BILLERICA, Mass., Jan. 25, 2018 (GLOBE NEWSWIRE) -- ConforMIS,  Inc. (NASDAQ:CFMS), a medical technology company that uses its proprietary iFit Image-to-Implant technology platform to develop, manufacture and sell joint replacement implants that are customized to fit each patient's unique anatomy, today announced the pricing of an underwritten public offering of 13,333,333 shares of its common stock at a public offering price of $1.50 per share, before underwriting discounts, raising $20 million in gross proceeds for ConforMIS. In addition, ConforMIS has granted the underwriters a 30-day option to purchase up to an additional 2,000,000 shares of common stock.

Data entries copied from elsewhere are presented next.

(* Let $p \geq 5$ be a prime and let $G$ be a group of order $p^7$ of nilpotency class $5$ such that $\gamma_2(G)$ is elementary abelian of order $p^5$. Then: (i) $|\gamma_5(G)| = p$; (ii) $|\operatorname{Z}(G/\gamma_5(G))| = p^2$ and $|\operatorname{Z}_2(G)| = p^3$; (iii) $\operatorname{K}(G) \neq \gamma_2(G)$; (iv) the commutator length of $G$ is $2$.
   Context: For a group $G$, $[x,y] = x^{-1}y^{-1}xy$, $\operatorname{K}(G) = \{[a,b] \mid a,b \in G\}$, $\gamma_i(G)$ is the $i$-th term of the lower central series, $\operatorname{Z}(G)$ the center and $\operatorname{Z}_2(G)$ the second term of the upper central series. The commutator length of $G$ is the smallest positive integer $m$ such that every element of $\gamma_2(G)$ is a product of at most $m$ commutators in $G$. *)

theory Defs
  imports "HOL-Algebra.Algebra"
begin

definition comm :: "('a, 'b) monoid_scheme \<Rightarrow> 'a \<Rightarrow> 'a \<Rightarrow> 'a" where
  "comm G x y = inv\<^bsub>G\<^esub> x \<otimes>\<^bsub>G\<^esub> inv\<^bsub>G\<^esub> y \<otimes>\<^bsub>G\<^esub> x \<otimes>\<^bsub>G\<^esub> y"

definition commutators :: "('a, 'b) monoid_scheme \<Rightarrow> 'a set" where
  "commutators G = {comm G a b | a b. a \<in> carrier G \<and> b \<in> carrier G}"

definition comm_subgroup :: "('a, 'b) monoid_scheme \<Rightarrow> 'a set \<Rightarrow> 'a set \<Rightarrow> 'a set" where
  "comm_subgroup G A B = generate G {comm G a b | a b. a \<in> A \<and> b \<in> B}"

text \<open>lcs G n = gamma_(n+1)(G).\<close>
primrec lcs :: "('a, 'b) monoid_scheme \<Rightarrow> nat \<Rightarrow> 'a set" where
  "lcs G 0 = carrier G"
| "lcs G (Suc n) = comm_subgroup G (lcs G n) (carrier G)"

definition gamma :: "('a, 'b) monoid_scheme \<Rightarrow> nat \<Rightarrow> 'a set" where
  "gamma G i = lcs G (i - 1)"

definition center :: "('a, 'b) monoid_scheme \<Rightarrow> 'a set" where
  "center G = {z \<in> carrier G. \<forall>g \<in> carrier G. z \<otimes>\<^bsub>G\<^esub> g = g \<otimes>\<^bsub>G\<^esub> z}"

text \<open>Second centre: Z_2(G)/Z(G) = Z(G/Z(G)), i.e. [z,g] in Z(G) for all g.\<close>
definition center2 :: "('a, 'b) monoid_scheme \<Rightarrow> 'a set" where
  "center2 G = {z \<in> carrier G. \<forall>g \<in> carrier G. comm G z g \<in> center G}"

definition nilpotency_class :: "('a, 'b) monoid_scheme \<Rightarrow> nat \<Rightarrow> bool" where
  "nilpotency_class G c \<longleftrightarrow> gamma G (c + 1) = {\<one>\<^bsub>G\<^esub>} \<and> gamma G c \<noteq> {\<one>\<^bsub>G\<^esub>}"

definition elementary_abelian :: "('a, 'b) monoid_scheme \<Rightarrow> 'a set \<Rightarrow> nat \<Rightarrow> bool" where
  "elementary_abelian G H p \<longleftrightarrow> subgroup H G \<and>
     (\<forall>x \<in> H. \<forall>y \<in> H. x \<otimes>\<^bsub>G\<^esub> y = y \<otimes>\<^bsub>G\<^esub> x) \<and>
     (\<forall>x \<in> H. x [^]\<^bsub>G\<^esub> p = \<one>\<^bsub>G\<^esub>)"

definition comm_products :: "('a, 'b) monoid_scheme \<Rightarrow> nat \<Rightarrow> 'a set" where
  "comm_products G m = {foldr (\<otimes>\<^bsub>G\<^esub>) xs \<one>\<^bsub>G\<^esub> | xs. length xs \<le> m \<and> set xs \<subseteq> commutators G}"

definition commutator_length :: "('a, 'b) monoid_scheme \<Rightarrow> nat" where
  "commutator_length G = (LEAST m. 0 < m \<and> gamma G 2 \<subseteq> comm_products G m)"

end

theory Submission
  imports Defs
begin
lemma integral_Q_neg_part:
  "integrable Q (\<lambda>x. max (- g x) 0)" "(\<integral>x. max (- g x) 0 \<partial>Q) = (LBINT t:{..0}. j 1 - j (surv M (\<lambda>\<omega>. g (Z \<omega>)) t))"
proof -
  interpret finite_measure Q by (rule finite_measure_Q)
  from g_finite have "set_integrable lborel {..0} (\<lambda>t. j (surv M (\<lambda>\<omega>. g (Z \<omega>)) t) - j 1)"
    by (simp add: rho_finite_def)
  from integrable_minus[OF this[unfolded set_integrable_def]]
  have int: "set_integrable lborel {..0} (\<lambda>t. j 1 - j (surv M (\<lambda>\<omega>. g (Z \<omega>)) t))"
    by (simp add: set_integrable_def algebra_simps)
  have nonneg: "0 \<le> (LBINT t:{..0}. j 1 - j (surv M (\<lambda>\<omega>. g (Z \<omega>)) t))"
    unfolding set_lebesgue_integral_def
    by (intro integral_nonneg_AE AE_I2) (auto simp: j_surv_le_j1 split: split_indicator)
  have lower: "emeasure Q {x. g x \<le> t} = ennreal (j 1 - j (surv M (\<lambda>\<omega>. g (Z \<omega>)) t))" for t
  proof -
    have "{x. g x \<le> t} = space Q - {x. t < g x}" by auto
    moreover have "{x. t < g x} \<in> sets Q"
      using g_borel by simp
    ultimately have "measure Q {x. g x \<le> t} = measure Q (space Q) - measure Q {x. t < g x}"
      using finite_measure_compl[of "{x. t < g x}"] by simp
    then show ?thesis
      using measure_Q_upper_level[OF g_continuous g_mono] measure_Q_UNIV by (simp add: emeasure_eq_measure)
  qed
  have "(\<integral>\<^sup>+x. ennreal (max (- g x) 0) \<partial>Q) = (\<integral>\<^sup>+t. indicator {..0} t * emeasure Q {x. g x \<le> t} \<partial>lborel)"
    using nn_integral_neg_part_eq_layers[OF sigma_finite_measure g_measurable] by simp
  also have "\<dots> = (\<integral>\<^sup>+t. ennreal (indicator {..0} t *\<^sub>R (j 1 - j (surv M (\<lambda>\<omega>. g (Z \<omega>)) t))) \<partial>lborel)"
    by (intro nn_integral_cong) (auto simp: lower split: split_indicator)
  also have "\<dots> = ennreal (LBINT t:{..0}. j 1 - j (surv M (\<lambda>\<omega>. g (Z \<omega>)) t))"
    using int unfolding set_integrable_def set_lebesgue_integral_def
    by (intro nn_integral_eq_integral AE_I2) (auto simp: j_surv_le_j1 split: split_indicator)
  finally show "integrable Q (\<lambda>x. max (- g x) 0)" "(\<integral>x. max (- g x) 0 \<partial>Q) = (LBINT t:{..0}. j 1 - j (surv M (\<lambda>\<omega>. g (Z \<omega>)) t))"
    using nn_integral_eq_integrable[of "\<lambda>x. max (- g x) 0" Q] nonneg g_borel by auto
qed
lemma seg_sum_mult_left: "seg_sum x (\<lambda>p. c * F p) = c * seg_sum x F"
  by (simp add: seg_sum_def sum_list_const_mult)

lemma seg_sum_mult_right: "seg_sum x (\<lambda>p. F p * c) = seg_sum x F * c"
  by (simp add: seg_sum_def sum_list_mult_const)

lemma seg_sum_cong:
  "(\<And>P. concat P = x \<Longrightarrow> [] \<notin> set P \<Longrightarrow> F P = G P) \<Longrightarrow> seg_sum x F = seg_sum x G"
  unfolding seg_sum_eq_sum by (rule sum.cong) auto

lemma seg_sum_zero: "(\<And>P. concat P = x \<Longrightarrow> [] \<notin> set P \<Longrightarrow> F P = 0) \<Longrightarrow> seg_sum x F = 0"
  unfolding seg_sum_eq_sum by (rule sum.neutral) auto

lemma sum_seg_sum_swap: "(\<Sum>a\<in>A. seg_sum x (h a)) = seg_sum x (\<lambda>p. \<Sum>a\<in>A. h a p)"
proof -
  have "(\<Sum>a\<in>A. sum_list (map (h a) L)) = sum_list (map (\<lambda>p. \<Sum>a\<in>A. h a p) L)" for L
    by (induction L) (auto simp: sum.distrib)
  then show ?thesis unfolding seg_sum_def .
qed

lemma seg_sum_map: "seg_sum (map f x) F = seg_sum x (\<lambda>P. F (map (map f) P))"
proof -
  have "segs (map f x) = map (map (map f)) (segs x)"
  proof (induction x)
    case (Cons y r)
    have "\<And>p. p \<noteq> [] \<Longrightarrow> (f y # hd (map (map f) p)) # tl (map (map f) p) = map (map f) ((y # hd p) # tl p)"
      by (simp add: hd_map map_tl)
    then show ?case using Cons by (simp add: filter_map o_def)
  qed simp
  then show ?thesis by (simp add: seg_sum_def o_def)
qed

lemma seg_sum_rev:
  fixes x :: "'a list"
  shows "seg_sum (rev x) F = seg_sum x (\<lambda>P. F (rev (map rev P)))"
proof -
  have revs_revs: "rev (map rev (rev (map rev P))) = P" for P :: "'a list list"
    by (simp add: rev_map o_def)
  have concat_revs: "concat (rev (map rev P)) = rev (concat P)" for P :: "'a list list"
    by (simp add: rev_concat rev_map)
  show ?thesis
    unfolding seg_sum_eq_sum
    by (rule sum.reindex_bij_witness[where i="\<lambda>P. rev (map rev P)" and j="\<lambda>P. rev (map rev P)"])
      (auto simp: revs_revs concat_revs)
qed

definition glue :: "'a list list \<Rightarrow> 'a list list \<Rightarrow> 'a list list" where
  "glue P Q = butlast P @ (last P @ hd Q) # tl Q"

lemma seg_sum_append:
  assumes "xs \<noteq> []" "ys \<noteq> []"
  shows "seg_sum (xs @ ys) F = seg_sum xs (\<lambda>P. seg_sum ys (\<lambda>Q. F (P @ Q) + F (glue P Q)))"
  using assms(1)
proof (induction xs arbitrary: F rule: list_nonempty_induct)
  case (single x)
  show ?case
    by (simp add: seg_sum_Cons glue_def) (rule seg_sum_cong, use assms(2) in auto)
next
  case (cons x xs)
  define F' where "F' = (\<lambda>p. F ([x] # p) + (if p = [] then 0 else F ((x # hd p) # tl p)))"
  have "seg_sum ((x # xs) @ ys) F = seg_sum (xs @ ys) F'"
    by (simp add: seg_sum_Cons F'_def)
  also have "\<dots> = seg_sum xs (\<lambda>P. seg_sum ys (\<lambda>Q. F' (P @ Q) + F' (glue P Q)))"
    by (rule cons.IH)
  also have "\<dots> = seg_sum (x # xs) (\<lambda>P. seg_sum ys (\<lambda>Q. F (P @ Q) + F (glue P Q)))"
    unfolding seg_sum_Cons
  proof (rule seg_sum_cong)
    fix P :: "'a list list" assume "concat P = xs" "[] \<notin> set P"
    then have "P \<noteq> []" using cons.hyps by auto
    have "F' (P @ Q) + F' (glue P Q) =
        (F (([x] # P) @ Q) + F (glue ([x] # P) Q)) + (F (((x # hd P) # tl P) @ Q) + F (glue ((x # hd P) # tl P) Q))"
      if "Q \<noteq> []" for Q
      using \<open>P \<noteq> []\<close> that by (cases P; cases "tl P") (simp_all add: F'_def glue_def)
    moreover have "Q \<noteq> []" if "concat Q = ys" for Q
      using that assms(2) by auto
    ultimately show "seg_sum ys (\<lambda>Q. F' (P @ Q) + F' (glue P Q)) =
      seg_sum ys (\<lambda>Q. F (([x] # P) @ Q) + F (glue ([x] # P) Q)) +
      (if P = [] then 0 else seg_sum ys (\<lambda>Q. F (((x # hd P) # tl P) @ Q) + F (glue ((x # hd P) # tl P) Q)))"
      using \<open>P \<noteq> []\<close> by (simp add: seg_sum_add[symmetric] cong: seg_sum_cong)
  qed
  finally show ?case .
qed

All of the shares in the offering are to be sold by ConforMIS.

Cowen and Canaccord Genuity are acting as joint book-running managers for the offering, and SunTrust Robinson Humphrey, Inc. is the lead manager. The offering is expected to close on or about January 29, 2018, subject to customary closing conditions.

The shares are being offered by ConforMIS pursuant to a shelf registration statement that was previously filed with, and subsequently declared effective by, the Securities and Exchange Commission (SEC). A preliminary prospectus supplement relating to and describing the terms of the offering was filed with the SEC on January 24, 2018. The final prospectus supplement relating to the offering will be filed with the SEC and will be available on the SEC’s website at www.sec.gov. When available, copies of the final prospectus supplement and the accompanying prospectus relating to these securities may also be obtained by contacting Cowen and Company, LLC, c/o Broadridge Financial Services, 1155 Long Island Avenue, Edgewood, NY, 11717, Attn: Prospectus Department, by telephone at (631) 274-2806 or by contacting Canaccord Genuity, Inc., 99 High Street, 12th Floor, Boston, MA 02110, Attn: Syndicate Department, by telephone at (617) 371-3900 or by e-mail at prospectus@canaccordgenuity.com.

This press release shall not constitute an offer to sell or the solicitation of an offer to buy these securities, nor shall there be any sale of, these securities in any state or jurisdiction in which such offer, solicitation or sale would be unlawful prior to the registration or qualification under the securities laws of such state or jurisdiction. 

About ConforMIS, Inc.

ConforMIS is a medical technology company that uses its proprietary iFit Image-to-Implant technology platform to develop, manufacture and sell joint replacement implants that are individually sized and shaped, or customized, to fit each patient's unique anatomy. ConforMIS offers a broad line of customized knee implants and pre-sterilized, single-use instruments delivered in a single package to the hospital. In clinical studies, ConforMIS’ iTotal CR demonstrated superior clinical outcomes, including better function and greater patient satisfaction, compared to traditional, off-the-shelf implants. ConforMIS owns or exclusively in-licenses approximately 420 issued patents and pending patent applications that cover customized implants and patient-specific instrumentation for all major joints.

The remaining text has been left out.